そして、「Lending」XPage を開きます。この画面はまだ何もさわっていないので、空白になっているはずです。最初に、「container」コントロールをドラッグ&ドロップします。次に、今作成した「LendData」コントロールを「container」コントロールの編集領域にドラッグ&ドロップします。

これで「Lending」を保存します。

貸出ボタンの登録

ついでに、貸出ボタンを登録しておきましょう。カスタムコントロールの「LendingView」を開いて、先頭部分にボタンを配置します。ボタンのラベルは「蔵書貸出」として、イベントは「Lending」ページを新規文書として開くとしてください。また、ボタンの形や色は、「BooksCollectionView」カスタムコントロールの [蔵書登録] ボタンと同じようにしておきます。

出来たら、「LendingView」カスタムコントロールを保存します。

次回からは、アプリケーションとしての機能を実装していきます。


第7回:機能の追加 1 (蔵書登録ページと蔵書貸出ページの連携)

[蔵書貸出] ボタンの配置

蔵書登録画面と蔵書貸出画面ができたので、直接、蔵書登録画面から蔵書貸出が出来るようにします。Lotus Domino Designer で「カスタムコントロール」の「BookResource」を開きます。[編集] と [キャンセル] ボタンの間にスペースを空けて、ボタンコントロールを配置します。ラベルは、「蔵書貸出」とします。

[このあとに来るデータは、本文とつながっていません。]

(* Let $G$, $k\ge 3$, the choice strings $c_{i,j}$, the template string $t$, $L$ and $d$ be as in the binary construction in the context, and let $s\in\{0,1\}^L$ be a solution, i.e. $t$ and every choice string $c_{i,j}$ ($1\le i<j\le k$) have a substring of length $L$ (a match) at Hamming distance at most $d$ from $s$. Then $s$ and all its matches in $t$ and in the choice strings start with $\mathrm{front\_tag}$.
   Context: Let $G=(V,E)$ be an undirected simple graph with $V=\{v_1,\dots,v_n\}$ and edge set $E=\{e_1,\dots,e_m\}$, and let $k\ge 3$ be an integer; put $N=\binom{k}{2}$ and $b=nk-2k+2$. All strings are over $\{0,1\}$. For $1\le p\le n$ let $\mathrm{number}(p)=0^{p-1}10^{n-p}$. Let $\mathrm{front\_tag}=(1^{3nk}0)^{nk}$ (length $(3nk+1)nk$). Order the pairs $(i,j)$, $1\le i<j\le k$, lexicographically and let $i'$ be the position of $(i,j)$ in this order. For an edge $e$ joining $v_r,v_s$ with $r<s$ let $\mathrm{encode}(i,j,e)=(0^n)^{i-1}\,\mathrm{number}(r)\,(0^n)^{j-i-1}\,\mathrm{number}(s)\,(0^n)^{k-j}$, $\mathrm{back\_tag}(i')=0^{(i'-1)b}1^{b}0^{(N-i')b}$, and $\mathrm{block}(i,j,e)=\mathrm{front\_tag}\,\mathrm{encode}(i,j,e)\,\mathrm{back\_tag}(i')$. The choice string is $c_{i,j}=\mathrm{block}(i,j,e_1)\cdots\mathrm{block}(i,j,e_m)$. The template string is $t=\mathrm{front\_tag}\,1^{nk}\,0^{Nb}$. Set $L=(3nk+1)nk+nk+Nb$ and $d=nk-k$. *)

theory Defs
  imports Main "HOL-Library.Sublist"
begin

text \<open>Binary strings are bool lists (True = 1, False = 0).
  The graph has vertices 1..n; its edges are given by a duplicate-free list E of
  pairs (r,s) with 1 \<le> r < s \<le> n, giving the enumeration e_1,...,e_m.\<close>

definition zeros :: "nat \<Rightarrow> bool list" where
  "zeros l = replicate l False"

definition ones :: "nat \<Rightarrow> bool list" where
  "ones l = replicate l True"

definition number :: "nat \<Rightarrow> nat \<Rightarrow> bool list" where
  "number n p = zeros (p - 1) @ [True] @ zeros (n - p)"

definition front_tag :: "nat \<Rightarrow> nat \<Rightarrow> bool list" where
  "front_tag n k = concat (replicate (n * k) (ones (3 * n * k) @ [False]))"

definition Nval :: "nat \<Rightarrow> nat" where
  "Nval k = k choose 2"

definition bval :: "nat \<Rightarrow> nat \<Rightarrow> nat" where
  "bval n k = n * k + 2 - 2 * k"

text \<open>Position of the pair (i,j) in the lexicographic order of pairs (a,b), 1 \<le> a < b \<le> k.\<close>
definition pair_index :: "nat \<Rightarrow> nat \<Rightarrow> nat \<Rightarrow> nat" where
  "pair_index k i j = card {(a, b). 1 \<le> a \<and> a < b \<and> b \<le> k \<and> (a < i \<or> (a = i \<and> b \<le> j))}"

definition encode :: "nat \<Rightarrow> nat \<Rightarrow> nat \<Rightarrow> nat \<Rightarrow> nat \<times> nat \<Rightarrow> bool list" where
  "encode n k i j e = (case e of (r, s) \<Rightarrow>
     concat (replicate (i - 1) (zeros n)) @ number n r @
     concat (replicate (j - i - 1) (zeros n)) @ number n s @
     concat (replicate (k - j) (zeros n)))"

definition back_tag :: "nat \<Rightarrow> nat \<Rightarrow> nat \<Rightarrow> bool list" where
  "back_tag n k i' = zeros ((i' - 1) * bval n k) @ ones (bval n k) @ zeros ((Nval k - i') * bval n k)"
(* Let $\Gamma\subset\mathrm{PSL}_2\mathbb{C}$ be a finite-covolume Kleinian group whose traces all lie in $R$, the ring of integers of the number field $\mathbb{Q}(\mathrm{tr}\,\Gamma)$. If $A,B,X,Y\in\Gamma$ satisfy $\langle A,B\rangle=\Gamma=\langle X,Y\rangle$, then $2-\mathrm{tr}[X,Y]$ is a unit multiple of $2-\mathrm{tr}[A,B]$ in $R$, i.e. $2-\mathrm{tr}[X,Y]=u\,(2-\mathrm{tr}[A,B])$ for some $u\in R^*$.
   Context: $\mathbb{Q}(\mathrm{tr}\,\Gamma)$ is the field generated over $\mathbb{Q}$ by the traces of (lifts to $\mathrm{SL}_2\mathbb{C}$ of) elements of $\Gamma$. $[X,Y]=XYX^{-1}Y^{-1}$; its trace is independent of the choice of lifts. *)

theory Defs
  imports "HOL-Analysis.Analysis" "HOL-Computational_Algebra.Polynomial"
begin

type_synonym cmat = "complex^2^2"

definition SL2C :: "cmat set" where
  "SL2C = {M. det M = 1}"

(* preimage in SL(2,C) of a subgroup of PSL(2,C): a subgroup of SL(2,C) containing -I *)
definition is_psl_subgroup :: "cmat set \<Rightarrow> bool" where
  "is_psl_subgroup G \<longleftrightarrow> G \<subseteq> SL2C \<and> mat 1 \<in> G \<and> - mat 1 \<in> G \<and>
     (\<forall>g\<in>G. \<forall>h\<in>G. g ** h \<in> G) \<and> (\<forall>g\<in>G. matrix_inv g \<in> G)"

inductive_set gen_sub :: "cmat set \<Rightarrow> cmat set" for S where
  gen_one: "mat 1 \<in> gen_sub S"
| gen_base: "s \<in> S \<Longrightarrow> s \<in> gen_sub S"
| gen_mult: "g \<in> gen_sub S \<Longrightarrow> h \<in> gen_sub S \<Longrightarrow> g ** h \<in> gen_sub S"
| gen_inv: "g \<in> gen_sub S \<Longrightarrow> matrix_inv g \<in> gen_sub S"

(* discreteness in SL(2,C) (equivalent to discreteness of the image in PSL(2,C)) *)
definition discrete_group :: "cmat set \<Rightarrow> bool" where
  "discrete_group G \<longleftrightarrow> (\<forall>g\<in>G. \<exists>e>0. \<forall>h\<in>G. dist h g < e \<longrightarrow> h = g)"

(* upper half-space model of H^3: points (z,t) with t > 0 *)
definition H3 :: "(complex \<times> real) set" where
  "H3 = {p. snd p > 0}"

(* action of SL(2,C) on the upper half-space *)
definition mobius3 :: "cmat \<Rightarrow> complex \<times> real \<Rightarrow> complex \<times> real" where
  "mobius3 M p = (let a = M$1$1; b = M$1$2; c = M$2$1; d = M$2$2; z = fst p; t = snd p;
      D = (cmod (c * z + d))^2 + (cmod c)^2 * t^2
    in (((a * z + b) * cnj (c * z + d) + a * cnj c * complex_of_real (t^2)) / complex_of_real D, t / D))"

definition hyp_measure :: "(complex \<times> real) measure" where
  "hyp_measure = density lborel (\<lambda>p. if snd p > 0 then ennreal (1 / (snd p)^3) else 0)"

definition finite_covolume :: "cmat set \<Rightarrow> bool" where
  "finite_covolume G \<longleftrightarrow> (\<exists>F. F \<in> sets lborel \<and> F \<subseteq> H3 \<and> emeasure hyp_measure F < \<infinity> \<and>
      (\<forall>p\<in>H3. \<exists>g\<in>G. \<exists>q\<in>F. mobius3 g q = p))"

definition kleinian_finite_covolume :: "cmat set \<Rightarrow> bool" where
  "kleinian_finite_covolume G \<longleftrightarrow> is_psl_subgroup G \<and> discrete_group G \<and> finite_covolume G"

definition subfield_C :: "complex set \<Rightarrow> bool" where
  "subfield_C K \<longleftrightarrow> 0 \<in> K \<and> 1 \<in> K \<and> (\<forall>x\<in>K. \<forall>y\<in>K. x + y \<in> K \<and> x - y \<in> K \<and> x * y \<in> K)
     \<and> (\<forall>x\<in>K. x \<noteq> 0 \<longrightarrow> inverse x \<in> K)"
(* Let $S$ be a Hausdorff countably compact semitopological semigroup which is an orthogonal sum $S=\sum_{i\in\mathscr I}B^0_{\lambda_i}(S_i)$ of topological Brandt $\lambda_i^0$-extensions of semitopological monoids $S_i$ with zeros. Then for every open neighbourhood $U(0)$ of the zero $0$ of $S$ the set of triples $(i,\alpha_i,\beta_i)$ with $i\in\mathscr I$, $\alpha_i,\beta_i\in\lambda_i$ and $(S_i)_{\alpha_i,\beta_i}\not\subseteq U(0)$ is finite. Moreover, for every $i\in\mathscr I$ the subspace $B^0_{\lambda_i}(S_i)$ of $S$ is countably compact.
   Context: All spaces are Hausdorff; a semitopological semigroup is a Hausdorff space with separately continuous associative operation. For a semigroup $T$ with zero $0_T$ and a cardinal $\lambda\ge1$, $B^0_\lambda(T)=(\lambda\times (T\setminus\{0_T\})\times\lambda)\cup\{0\}$ with $(\alpha,a,\beta)(\gamma,b,\delta)=(\alpha,ab,\delta)$ if $\beta=\gamma$ and $ab\ne0_T$, and $0$ otherwise, $0$ a zero. For $A\subseteq T$, $A_{\alpha,\beta}=\{(\alpha,s,\beta):s\in A\setminus\{0_T\}\}\cup\{0\}$ if $0_T\in A$ and $\{(\alpha,s,\beta):s\in A\}$ otherwise. A topological Brandt $\lambda^0$-extension of a semitopological monoid $T$ with zero is $B^0_\lambda(T)$ with a topology making it a semitopological semigroup such that for some $\alpha\in\lambda$ the map $s\mapsto(\alpha,s,\alpha)$ ($0_T\mapsto0$) is a homeomorphism $T\to T_{\alpha,\alpha}$. The orthogonal sum of semigroups $T_\iota$ with zeros is $\{0\}\cup\bigcup_\iota(T_\iota\setminus\{0_\iota\})$ with products computed in $T_\iota$ when both factors lie in the same $T_\iota$ and the product is non-zero, and $0$ otherwise. *)

theory Defs
  imports "HOL-Analysis.Analysis"
begin
lemma compat_id_on_ran_fn:
  assumes "compat p \<sigma> q \<rho>" "\<sigma> = id_on (bn p)" "wf_pat p" "t \<in> ran \<rho>"
  shows "fn t \<subseteq> bn p"
  using assms
proof (induction arbitrary: t rule: compat.induct)
  case (bind \<sigma> p y)
  then show ?case using fn_hat_subst_id_on by (auto simp: ran_def split: if_splits)
next
  case (comp p1 \<sigma>1 q1 \<rho>1 p2 \<sigma>2 q2 \<rho>2)
  have p12: "wf_pat p1" "wf_pat p2" "bn p1 \<inter> bn p2 = {}"
    using wf_pat_Comp[OF comp.prems(2)] by auto
  note \<sigma>12 = map_add_eq_id_on[OF compat_dom[OF comp.hyps(1)] compat_dom[OF comp.hyps(2)] p12(3)]
  have "t \<in> ran \<rho>1 \<or> t \<in> ran \<rho>2"
    using comp.prems(3) by (auto simp: ran_def map_add_def split: option.splits)
  then show ?case
    using comp.IH(1)[OF _ p12(1)] comp.IH(2)[OF _ p12(2)] \<sigma>12 comp.prems(1) by fastforce
qed (auto simp: bn_def id_on_def)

次に「可視」と書かれた箇所の右側にある ◇ をクリックして、「値の計算...」を選択します。スクリプトエディタが表示されるので、画面の右側に、

! ( document1.isNewNote() | document1.isEditable() )

と入力してください。

これは、新規文書 (document1.isNewNote()) ではない、もしくは、文書が編集モード (document1.isEditable()) ではない。という時に表示するという設定です。間にある「|」は or 条件を表します。

今度は、ボタンがクリックされた時のイベントを設定します。イベントビューを開いて、[アクションの追加] ボタンをクリックします。アクションは 2つ追加します。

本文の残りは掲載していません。